Не правда ли — есинское “досье” что-то знакомое-презнакомое напоминает? С той лишь разницей, что обмишулившийся Глумов и наедине со своим “журналом” в нудизм не впал, а пожилой наш мудрец до того оголился, такую об себе правду поведал, что оторопь берет: уж не дурачит ли он нас?

Ну как может ректор единственного учебного заведения, занятого воспитанием писателей, со страниц весьма одиозного, но все же официально разрешенного печатного органа объявлять во весь голос, что лично он ни в “Новый мир”, ни в “Знамя”, ни в “Октябрь”, ни в “Литгазету” ни одно из своих сочинений не отдаст — из отвращения к антинародному, антипатриотическому, антикоммунистическому направлению этих изданий? Коллеги столь явное неприличие, может, и проглотят: чего не извинишь чиновной персоне, ежели персона клянется, что при любых обстоятельствах обеспечит стабильность преподавательского состава.
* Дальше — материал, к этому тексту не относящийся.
(* Let $\mathbb{k}$ be a field of characteristic $0$, $\mathfrak{M}$ a monomial group, and $(\epsilon_i)_{i\in I}$ a summable family in $\mathbb{k}[[\mathfrak{M}]]^{\prec1}$. Let $E$ range over the finite subsets of $I$. Then the family $\big(\prod_{i\in E}\epsilon_i\big)_E$ is summable and $$\exp\Big(\sum_i\log(1+\epsilon_i)\Big)=\sum_E\prod_{i\in E}\epsilon_i.$$
   Context: A monomial group is a (multiplicatively written) totally ordered abelian group $\mathfrak{M}$ with order $\prec$. A subset is well-based if it has no infinite strictly increasing sequence. $\mathbb{k}[[\mathfrak{M}]]$ is the Hahn field of formal series $\sum f_{\mathfrak{m}}\mathfrak{m}$ with well-based support; $\mathbb{k}[[\mathfrak{M}]]^{\prec1}$ consists of the series with support in $\{\mathfrak{m}\prec1\}$. A family $(f_i)_{i\in I}$ ($I$ a set) is summable if the union of the supports is well-based and each monomial lies in only finitely many supports; its sum is coefficientwise. For $h\in\mathbb{k}[[\mathfrak{M}]]^{\prec1}$: $\exp(h)=\sum_{i\ge0}h^i/i!$ and $\log(1+h)=\sum_{j\ge1}(-1)^{j-1}h^j/j$ (these sums exist). The empty product is $1$. *)

theory Defs
  imports Main "HOL-Library.FuncSet"
begin

text \<open>
  The (multiplicatively written) totally ordered
  abelian monomial group is represented by a type of class linordered_ab_group_add,
  written additively: monomial product = +, monomial 1 = 0, and the order
  \<prec> is <.  So m \<prec> 1 reads m < 0.  A series is a coefficient
  function from monomials to the coefficient field.
\<close>

definition well_based :: "'m::order set \<Rightarrow> bool" where
  "well_based S \<longleftrightarrow> \<not> (\<exists>f::nat \<Rightarrow> 'm. (\<forall>n. f n \<in> S) \<and> (\<forall>n. f n < f (Suc n)))"

definition hsupp :: "('m \<Rightarrow> 'k::zero) \<Rightarrow> 'm set" where
  "hsupp f = {m. f m \<noteq> 0}"

definition is_hahn :: "('m::order \<Rightarrow> 'k::zero) \<Rightarrow> bool" where
  "is_hahn f \<longleftrightarrow> well_based (hsupp f)"

definition is_hahn_infinitesimal :: "('m::linordered_ab_group_add \<Rightarrow> 'k::zero) \<Rightarrow> bool" where
  "is_hahn_infinitesimal f \<longleftrightarrow> is_hahn f \<and> hsupp f \<subseteq> {m. m < 0}"

definition hsummable :: "('i \<Rightarrow> 'm::order \<Rightarrow> 'k::zero) \<Rightarrow> 'i set \<Rightarrow> bool" where
  "hsummable F I \<longleftrightarrow> well_based (\<Union>i\<in>I. hsupp (F i)) \<and> (\<forall>m. finite {i\<in>I. F i m \<noteq> 0})"

definition hsum :: "('i \<Rightarrow> 'm \<Rightarrow> 'k::comm_monoid_add) \<Rightarrow> 'i set \<Rightarrow> 'm \<Rightarrow> 'k" where
  "hsum F I = (\<lambda>m. \<Sum>i\<in>{i\<in>I. F i m \<noteq> 0}. F i m)"

definition hone :: "'m::zero \<Rightarrow> 'k::{zero,one}" where
  "hone = (\<lambda>m. if m = 0 then 1 else 0)"

definition hscale :: "'k::times \<Rightarrow> ('m \<Rightarrow> 'k) \<Rightarrow> 'm \<Rightarrow> 'k" where
  "hscale c f = (\<lambda>m. c * f m)"

definition hadd :: "('m \<Rightarrow> 'k::plus) \<Rightarrow> ('m \<Rightarrow> 'k) \<Rightarrow> 'm \<Rightarrow> 'k" where
  "hadd f g = (\<lambda>m. f m + g m)"

definition hmul :: "('m::ab_group_add \<Rightarrow> 'k::comm_ring_1) \<Rightarrow> ('m \<Rightarrow> 'k) \<Rightarrow> 'm \<Rightarrow> 'k" where
  "hmul f g = (\<lambda>m. \<Sum>a\<in>{a. f a \<noteq> 0 \<and> g (m - a) \<noteq> 0}. f a * g (m - a))"

primrec hpow :: "('m::ab_group_add \<Rightarrow> 'k::comm_ring_1) \<Rightarrow> nat \<Rightarrow> 'm \<Rightarrow> 'k" where
  "hpow f 0 = hone"
| "hpow f (Suc n) = hmul f (hpow f n)"

text \<open>Finite product \<prod>_{i\<in>E} f_i, by the multinomial coefficient formula
  (this is the iterated Cauchy product; the empty product is hone).\<close>
definition hprod :: "('i \<Rightarrow> 'm::ab_group_add \<Rightarrow> 'k::comm_ring_1) \<Rightarrow> 'i set \<Rightarrow> 'm \<Rightarrow> 'k" where
  "hprod F E = (\<lambda>m. \<Sum>a\<in>{a\<in>E \<rightarrow>\<^sub>E UNIV. (\<Sum>i\<in>E. a i) = m \<and> (\<forall>i\<in>E. F i (a i) \<noteq> 0)}.
                      \<Prod>i\<in>E. F i (a i))"

definition hexp :: "('m::ab_group_add \<Rightarrow> 'k::field_char_0) \<Rightarrow> 'm \<Rightarrow> 'k" where
  "hexp h = hsum (\<lambda>i. hscale (1 / fact i) (hpow h i)) UNIV"

definition hlog1p :: "('m::ab_group_add \<Rightarrow> 'k::field_char_0) \<Rightarrow> 'm \<Rightarrow> 'k" where
  "hlog1p h = hsum (\<lambda>j. hscale ((-1) ^ (j - 1) / of_nat j) (hpow h j)) {1..}"

end

(*
  Let S be the union of the supports of the \<epsilon> i, a well-based set of infinitesimal monomials.
  By Neumann's lemma the monoid generated by S is well-based, every monomial m has only finitely
  many factorizations m = x y inside it, and m is a product of at most N generators.  Hence the
  coefficient of m in any series built from the \<epsilon> i by products and power series depends only
  on their coefficients at the finitely many factors of m, and only finitely many \<epsilon> i have a
  nonzero coefficient there.  Truncating at the factors of m turns the computation into one with
  finitely supported series, in which series of positive order are nilpotent of order N + 1.
  There the formal identities exp (x + y) = exp x exp y and exp (log (1 + x)) = 1 + x give
  exp (\<Sum>i. log (1 + \<epsilon> i)) = (\<Prod>i. 1 + \<epsilon> i) at m, and expanding the finite product gives
  the sum over E of the products of the \<epsilon> i with i in E.
*)

theory Submission
  imports Defs "HOL-Library.Infinite_Set" "HOL-Library.Poly_Mapping" "HOL-Library.Product_Lexorder"
    "HOL-Computational_Algebra.Formal_Power_Series"
begin

lemma well_based_subset: "well_based B \<Longrightarrow> A \<subseteq> B \<Longrightarrow> well_based A"
  unfolding well_based_def by blast

lemma well_based_iff_wf: "well_based S \<longleftrightarrow> wf {(y, x). x \<in> S \<and> y \<in> S \<and> x < y}"
  unfolding well_based_def wf_iff_no_infinite_down_chain by auto

lemma well_based_iff_no_strict_mono:
  "well_based A \<longleftrightarrow> \<not> (\<exists>g :: nat \<Rightarrow> 'a::order. strict_mono g \<and> range g \<subseteq> A)"
  unfolding well_based_def strict_mono_Suc_iff by blast

lemma well_based_image:
  assumes "well_based A" "\<And>a b. a \<in> A \<Longrightarrow> b \<in> A \<Longrightarrow> f a < f b \<Longrightarrow> a < b"
  shows "well_based (f ` A)"
  unfolding well_based_def
proof
  assume "\<exists>y. (\<forall>n. y n \<in> f ` A) \<and> (\<forall>n. y n < y (Suc n))"
  then obtain y where y: "\<And>n. y n \<in> f ` A" "\<And>n. y n < y (Suc n)" by blast
  define x where "x n = inv_into A f (y n)" for n
  have x: "x n \<in> A" "f (x n) = y n" for n
    using y(1) by (simp_all add: x_def inv_into_into f_inv_into_f)
  have "x n < x (Suc n)" for n
    using assms(2)[OF x(1) x(1)] y(2) by (simp add: x(2))
  with x(1) assms(1) show False unfolding well_based_def by blast
qed

lemma well_based_nat_finite: "well_based (A :: nat set) \<Longrightarrow> finite A"
proof (rule ccontr)
  assume "well_based A" "infinite A"
  then obtain r :: "nat \<Rightarrow> nat" where "strict_mono r" "\<forall>n. r n \<in> A"
    using infinite_enumerate by blast
  then have "\<forall>n. r n \<in> A" "\<forall>n. r n < r (Suc n)" by (simp_all add: strict_mono_Suc_iff)
  with \<open>well_based A\<close> show False unfolding well_based_def by blast
qed

lemma well_based_has_max:
  fixes S :: "'a::linorder set"
  assumes "well_based S" "X \<subseteq> S" "x \<in> X"
  obtains z where "z \<in> X" "\<And>y. y \<in> X \<Longrightarrow> y \<le> z"
  using assms(1,3) unfolding well_based_iff_wf
  by (rule wfE_min) (use assms(2) in \<open>force simp: not_less[symmetric]\<close>)

lemma well_based_decseq_subseq:
  fixes a :: "nat \<Rightarrow> 'a::linorder"
  assumes "well_based S" "range a \<subseteq> S"
  obtains \<phi> where "strict_mono \<phi>" "decseq (a \<circ> \<phi>)"
proof -
  obtain f where f: "strict_mono f" "monoseq (a \<circ> f)"
    using seq_monosub[of a] by (auto simp: comp_def)
  show thesis
  proof (cases "decseq (a \<circ> f)")
    case True
    with f(1) show ?thesis by (rule that)
  next
    case False
    with f(2) have inc: "incseq (a \<circ> f)" by (simp add: monoseq_iff)
    have "range (a \<circ> f) \<subseteq> S" using assms(2) by auto
    then obtain z where "z \<in> range (a \<circ> f)" "\<And>y. y \<in> range (a \<circ> f) \<Longrightarrow> y \<le> z"
      using well_based_has_max[OF assms(1)] by (metis rangeI)
    then obtain n0 where n0: "\<And>n. a (f n) \<le> a (f n0)" by auto
    have "a (f (n + n0)) = a (f n0)" for n
      using inc n0[of "n + n0"] by (metis comp_apply antisym incseqD le_add2)
    moreover have "strict_mono (\<lambda>n. f (n + n0))"
      using f(1) by (simp add: strict_mono_def)
    ultimately show ?thesis by (intro that[of "\<lambda>n. f (n + n0)"]) (auto simp: decseq_def)
  qed
qed

lemma finite_factorizations:
  fixes A B :: "'m::linordered_ab_group_add set"
  assumes A: "well_based A" and B: "well_based B"
  shows "finite {a \<in> A. m - a \<in> B}"
proof (rule ccontr)
  assume "infinite {a \<in> A. m - a \<in> B}"
  then obtain f :: "nat \<Rightarrow> 'm" where f: "inj f" "range f \<subseteq> {a \<in> A. m - a \<in> B}"
    using infinite_countable_subset by blast
  then obtain \<phi> where \<phi>: "strict_mono \<phi>" "decseq (f \<circ> \<phi>)"
    using well_based_decseq_subseq[OF A, of f] f(2) by blast
  have "f (\<phi> (Suc n)) < f (\<phi> n)" for n
    using \<phi> f(1) by (metis comp_apply decseq_SucD injD less_not_refl order_le_neq_trans strict_monoD lessI)
  then have "\<exists>h. (\<forall>n. h n \<in> B) \<and> (\<forall>n. h n < h (Suc n))"
    using f(2) by (intro exI[of _ "\<lambda>n. m - f (\<phi> n)"]) auto
  with B show False unfolding well_based_def by blast
qed

section \<open>Neumann's lemma\<close>

definition extendable :: "'a::order set \<Rightarrow> 'a list \<Rightarrow> bool" where
  "extendable A xs \<longleftrightarrow> (\<exists>h. strict_mono h \<and> range h \<subseteq> A \<and> xs = map h [0..<length xs])"

lemma extendable_map: "strict_mono h \<Longrightarrow> range h \<subseteq> A \<Longrightarrow> extendable A (map h [0..<k])"
  unfolding extendable_def by auto

lemma extendable_snoc:
  assumes "extendable A xs"
  obtains p where "extendable A (xs @ [p])"
proof -
  obtain h where h: "strict_mono h" "range h \<subseteq> A" "xs = map h [0..<length xs]"
    using assms unfolding extendable_def by blast
  then have "xs @ [h (length xs)] = map h [0..<Suc (length xs)]" by simp
  with h(1,2) show thesis by (metis that extendable_map)
qed

text \<open>Nash-Williams' minimal bad sequence construction, for strictly increasing sequences:
  at each index pick an element of minimal weight among those that still extend the
  prefix chosen so far to a strictly increasing sequence in \<open>A\<close>.\<close>
lemma minimal_strict_mono_sequence:
  fixes A :: "'a::order set" and weight :: "'a \<Rightarrow> nat" and g0 :: "nat \<Rightarrow> 'a"
  assumes "strict_mono g0" "range g0 \<subseteq> A"
  obtains g :: "nat \<Rightarrow> 'a" where "strict_mono g" "range g \<subseteq> A"
    and "\<And>h k. strict_mono (h :: nat \<Rightarrow> 'a) \<Longrightarrow> range h \<subseteq> A \<Longrightarrow> (\<And>i. i < k \<Longrightarrow> h i = g i) \<Longrightarrow>
           weight (g k) \<le> weight (h k)"
proof -
  define pick where "pick xs = arg_min weight (\<lambda>p. extendable A (xs @ [p]))" for xs
  have pick: "extendable A (xs @ [pick xs]) \<and> (\<forall>p. extendable A (xs @ [p]) \<longrightarrow> weight (pick xs) \<le> weight p)"
    if xs: "extendable A xs" for xs
  proof -
    obtain p where "extendable A (xs @ [p])" using extendable_snoc[OF xs] .
    then show ?thesis unfolding pick_def by (rule arg_min_nat_lemma)
  qed
  define g where "g k = pick (((\<lambda>xs. xs @ [pick xs]) ^^ k) [])" for k
  have "((\<lambda>xs. xs @ [pick xs]) ^^ k) [] = map g [0..<k]" for k
    by (induction k) (simp_all add: g_def)
  then have g_eq: "g k = pick (map g [0..<k])" for k by (simp add: g_def[of k])
  have extendable_g: "extendable A (map g [0..<k])" for k
  proof (induction k)
    case 0
    show ?case using extendable_map[OF assms, of 0] by simp
  next
    case (Suc k)
    then show ?case using pick[of "map g [0..<k]"] by (simp add: g_eq[of k])
  qed
  have g_approx: "\<exists>h. strict_mono h \<and> range h \<subseteq> A \<and> (\<forall>i\<le>k. h i = g i)" for k
    using extendable_g[of "Suc k"] unfolding extendable_def
    by (auto simp: map_eq_conv less_Suc_eq_le simp del: upt_Suc)
  show thesis
  proof
    show "range g \<subseteq> A"
    proof clarify
      fix k
      obtain h where "range h \<subseteq> A" "h k = g k" using g_approx[of k] by blast
      then show "g k \<in> A" by (metis rangeI subsetD)
    qed
    have "g k < g (Suc k)" for k
    proof -
      obtain h where "strict_mono h" "\<forall>i\<le>Suc k. h i = g i" using g_approx[of "Suc k"] by blast
      then show ?thesis using strict_monoD[of h k "Suc k"] by simp
    qed
    then show "strict_mono g" by (simp add: strict_mono_Suc_iff)
  next
    fix h k
    assume h: "strict_mono h" "range h \<subseteq> A" "\<And>i. i < k \<Longrightarrow> h i = g i"
    have "map g [0..<k] @ [h k] = map h [0..<Suc k]" using h(3) by simp
    then have "extendable A (map g [0..<k] @ [h k])" using extendable_map[OF h(1,2)] by metis
    then show "weight (g k) \<le> weight (h k)" using pick[OF extendable_g[of k]] by (simp add: g_eq[of k])
  qed
qed

inductive sum_rep :: "'m::monoid_add set \<Rightarrow> 'm \<Rightarrow> nat \<Rightarrow> bool" for S where
  zero: "sum_rep S 0 0"
| add: "s \<in> S \<Longrightarrow> sum_rep S x n \<Longrightarrow> sum_rep S (s + x) (Suc n)"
Ну а студенты? Они-то спят и видят, чтобы именно в этих противных их душенадзирателю и духоводцу изданиях опубликоваться! Допускаю: на сегодняшний день питомцы Есина согласно программе, Есиным же при восхождении в ректорский чин сфабрикованной, хотя и участвуют в управлении институтом, но как бы теоретически, де-юре, и посему на ход вещей, для ректора благоприятный, особого влияния оказать не могут. Так то ж до поры, все так быстро меняется в наше текучее время — время неотвердевших законов. А ну как взбунтуются и потребуют перевыборов? С чем в таком разе останется? На творческие шиши не то что новый “жигуленок” — и новую (привычных секретарских кондиций) шапку не купишь... Можно, конечно, последовать примеру “простого русского народа”, которому, как утверждает Есин, “выкрикнуть правду важнее, чем жить”. Но дело-то в том, что, судя по тексту “Отступления...”, сам народолюбец жить не только любит, но и умеет — со вкусом и смаком, чтоб и при автомашине, и при шапке по Сеньке, и при огурцах-яблонях. Впрочем, не будем уподобляться автору огуречного сезона, то бишь “переходить на личности”, переместимся из “пространства чрева” — в “пространство духа”, сосредоточившись на таком вот занятном зигзаге его якобы простодушного повествования.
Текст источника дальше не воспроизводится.